_WHAT YOU WILL DO_
After locating the line with "define K where" in the data that follows, return it and every later line exactly, up to and including the line with "(\<lambda>x. (w x".

Data extracted from a collection

lemma set_integral_exp_convolution_le:
  fixes G :: "real \<Rightarrow> real"
  assumes X: "0 \<le> X" and G: "set_integrable lborel {0..X} G" and G_nonneg: "\<And>y. 0 \<le> G y"
  shows "set_integrable lborel {0..X} (\<lambda>x. exp (- x) * (LBINT y:{0..x}. exp y * G y))"
    and "(LBINT x:{0..X}. exp (- x) * (LBINT y:{0..x}. exp y * G y)) \<le> (LBINT x:{0..X}. G x)"
proof -
  define F where "F x = (LBINT y:{0..x}. exp y * G y)" for x
  have "set_integrable lborel {0..X} (\<lambda>y. G y * exp y)"
    by (rule set_integrable_mult_bounded[OF G, where B="exp X"])
       (auto intro!: set_borel_measurable_continuous continuous_intros)
  then have eG: "set_integrable lborel {0..X} (\<lambda>y. exp y * G y)" by (simp add: mult.commute)
  have F0: "F 0 = 0"
  proof -
    have "F 0 = (LBINT y:{}. exp y * G y)" unfolding F_def
      by (rule set_integral_discrete_difference[where X="{0}"]) auto
    then show ?thesis by (simp add: set_lebesgue_integral_def)
  qed
  have F: "antideriv_on X F (\<lambda>y. exp y * G y)" unfolding antideriv_on_def using eG F0 F_def by simp
  have E: "antideriv_on X (\<lambda>x. - exp (- x)) (\<lambda>x. exp (- x))"
    by (rule has_real_derivative_antideriv_on[OF X]) (auto intro!: derivative_eq_intros continuous_intros)
  have parts: "exp y * G y * (- exp (- y)) + F y * exp (- y) = F y * exp (- y) - G y" for y
    by (simp add: exp_minus field_simps)
  have "set_integrable lborel {0..X} (\<lambda>y. (F y * exp (- y) - G y) + G y)"
    using set_integral_add(1)[OF integration_by_parts(1)[OF X F E, unfolded parts] G] .
  then have FE: "set_integrable lborel {0..X} (\<lambda>y. F y * exp (- y))" by simp
  then show "set_integrable lborel {0..X} (\<lambda>x. exp (- x) * (LBINT y:{0..x}. exp y * G y))"
    unfolding F_def by (simp add: mult.commute)
  have "- F X * exp (- X) = (LBINT y:{0..X}. F y * exp (- y) - G y)"
    using integration_by_parts(2)[OF X F E] F0 unfolding parts by simp
  also have "\<dots> = (LBINT y:{0..X}. F y * exp (- y)) - (LBINT y:{0..X}. G y)"
    by (rule set_integral_diff(2)[OF FE G])
  finally have "(LBINT y:{0..X}. F y * exp (- y)) = (LBINT y:{0..X}. G y) - F X * exp (- X)"
    by simp
  moreover have "0 \<le> F X" unfolding F_def by (rule set_integral_nonneg[OF eG]) (simp add: G_nonneg)
  ultimately show "(LBINT x:{0..X}. exp (- x) * (LBINT y:{0..x}. exp y * G y)) \<le> (LBINT x:{0..X}. G x)"
    unfolding F_def by (simp add: mult.commute)
qed

lemma deviation_truncated_bound:
  fixes w w' :: "real \<Rightarrow> real"
  assumes p: "p > 0" and X: "0 \<le> X" and w: "antideriv_on X w w'"
    and w'_sq: "set_integrable lborel {0..X} (\<lambda>x. w' x ^ 2)"
    and w_sq: "set_integrable lborel {0..X} (\<lambda>x. w x ^ 2)"
  shows "(LBINT x:{0..X}. (w x - w 0 * phi p x)^2)
    \<le> (2 powr (1 / p))^2 * ((LBINT x:{0..X}. Lminus_density p w w' x) + w X ^ 2)"
proof -
  define K where "K = (2 powr (1 / p))^2"
  define G where "G y = (w' y + tanh (p * y) * w y)^2" for y
  have G: "set_integrable lborel {0..X} G"
    unfolding G_def[abs_def] by (rule tanh_energy_identity(1)[OF p X w w'_sq w_sq])
  have G_nonneg: "\<And>y. 0 \<le> G y" by (simp add: G_def)
  have "(LBINT x:{0..X}. (w x - w 0 * phi p x)^2) \<le> (LBINT x:{0..X}. K * (exp (- x) * (LBINT y:{0..x}. exp y * G y)))"
  proof (rule set_integral_mono)
    show "set_integrable lborel {0..X} (\<lambda>x. (w x - w 0 * phi p x)^2)"
      using antideriv_on_continuous[OF w] continuous_on_phi[OF p]
      by (intro borel_integrable_atLeastAtMost') (auto intro!: continuous_intros intro: continuous_on_subset)
    show "set_integrable lborel {0..X} (\<lambda>x. K * (exp (- x) * (LBINT y:{0..x}. exp y * G y)))"
      using set_integral_exp_convolution_le(1)[OF X G G_nonneg] by simp
    fix x assume x: "x \<in> {0..X}"
    have "set_integrable lborel {0..x} G"
      by (rule set_integrable_subset[OF G]) (use x in auto)
    then have "(w x - w 0 * phi p x)^2 \<le> K * (LBINT y:{0..x}. exp (y - x) * G y)"
      using deviation_pointwise_bound[OF p _ antideriv_on_subset[OF w]] x unfolding K_def G_def
      by auto
    also have "(LBINT y:{0..x}. exp (y - x) * G y) = exp (- x) * (LBINT y:{0..x}. exp y * G y)"
      by (simp add: exp_diff exp_minus field_simps)
    finally show "(w x - w 0 * phi p x)^2 \<le> K * (exp (- x) * (LBINT y:{0..x}. exp y * G y))" .
  qed
  also have "\<dots> \<le> K * (LBINT x:{0..X}. G x)"
    using set_integral_exp_convolution_le(2)[OF X G G_nonneg] unfolding K_def
    by (simp add: G_def mult_left_mono)
  also have "\<dots> = K * ((LBINT x:{0..X}. Lminus_density p w w' x) + tanh (p * X) * w X ^ 2)"
    unfolding G_def tanh_energy_identity(2)[OF p X w w'_sq w_sq] ..
  also have "\<dots> \<le> K * ((LBINT x:{0..X}. Lminus_density p w w' x) + w X ^ 2)"
    using mult_right_mono[OF less_imp_le[OF tanh_real_lt_1[of "p * X"]], of "w X ^ 2"]
    unfolding K_def by (intro mult_left_mono add_left_mono) auto
  finally show ?thesis unfolding K_def .
qed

_RESPONSE_
  define K where "K = (2 powr (1 / p))^2"
  define G where "G y = (w' y + tanh (p * y) * w y)^2" for y
  have G: "set_integrable lborel {0..X} G"
    unfolding G_def[abs_def] by (rule tanh_energy_identity(1)[OF p X w w'_sq w_sq])
  have G_nonneg: "\<And>y. 0 \<le> G y" by (simp add: G_def)
  have "(LBINT x:{0..X}. (w x - w 0 * phi p x)^2) \<le> (LBINT x:{0..X}. K * (exp (- x) * (LBINT y:{0..x}. exp y * G y)))"
  proof (rule set_integral_mono)
    show "set_integrable lborel {0..X} (\<lambda>x. (w x - w 0 * phi p x)^2)"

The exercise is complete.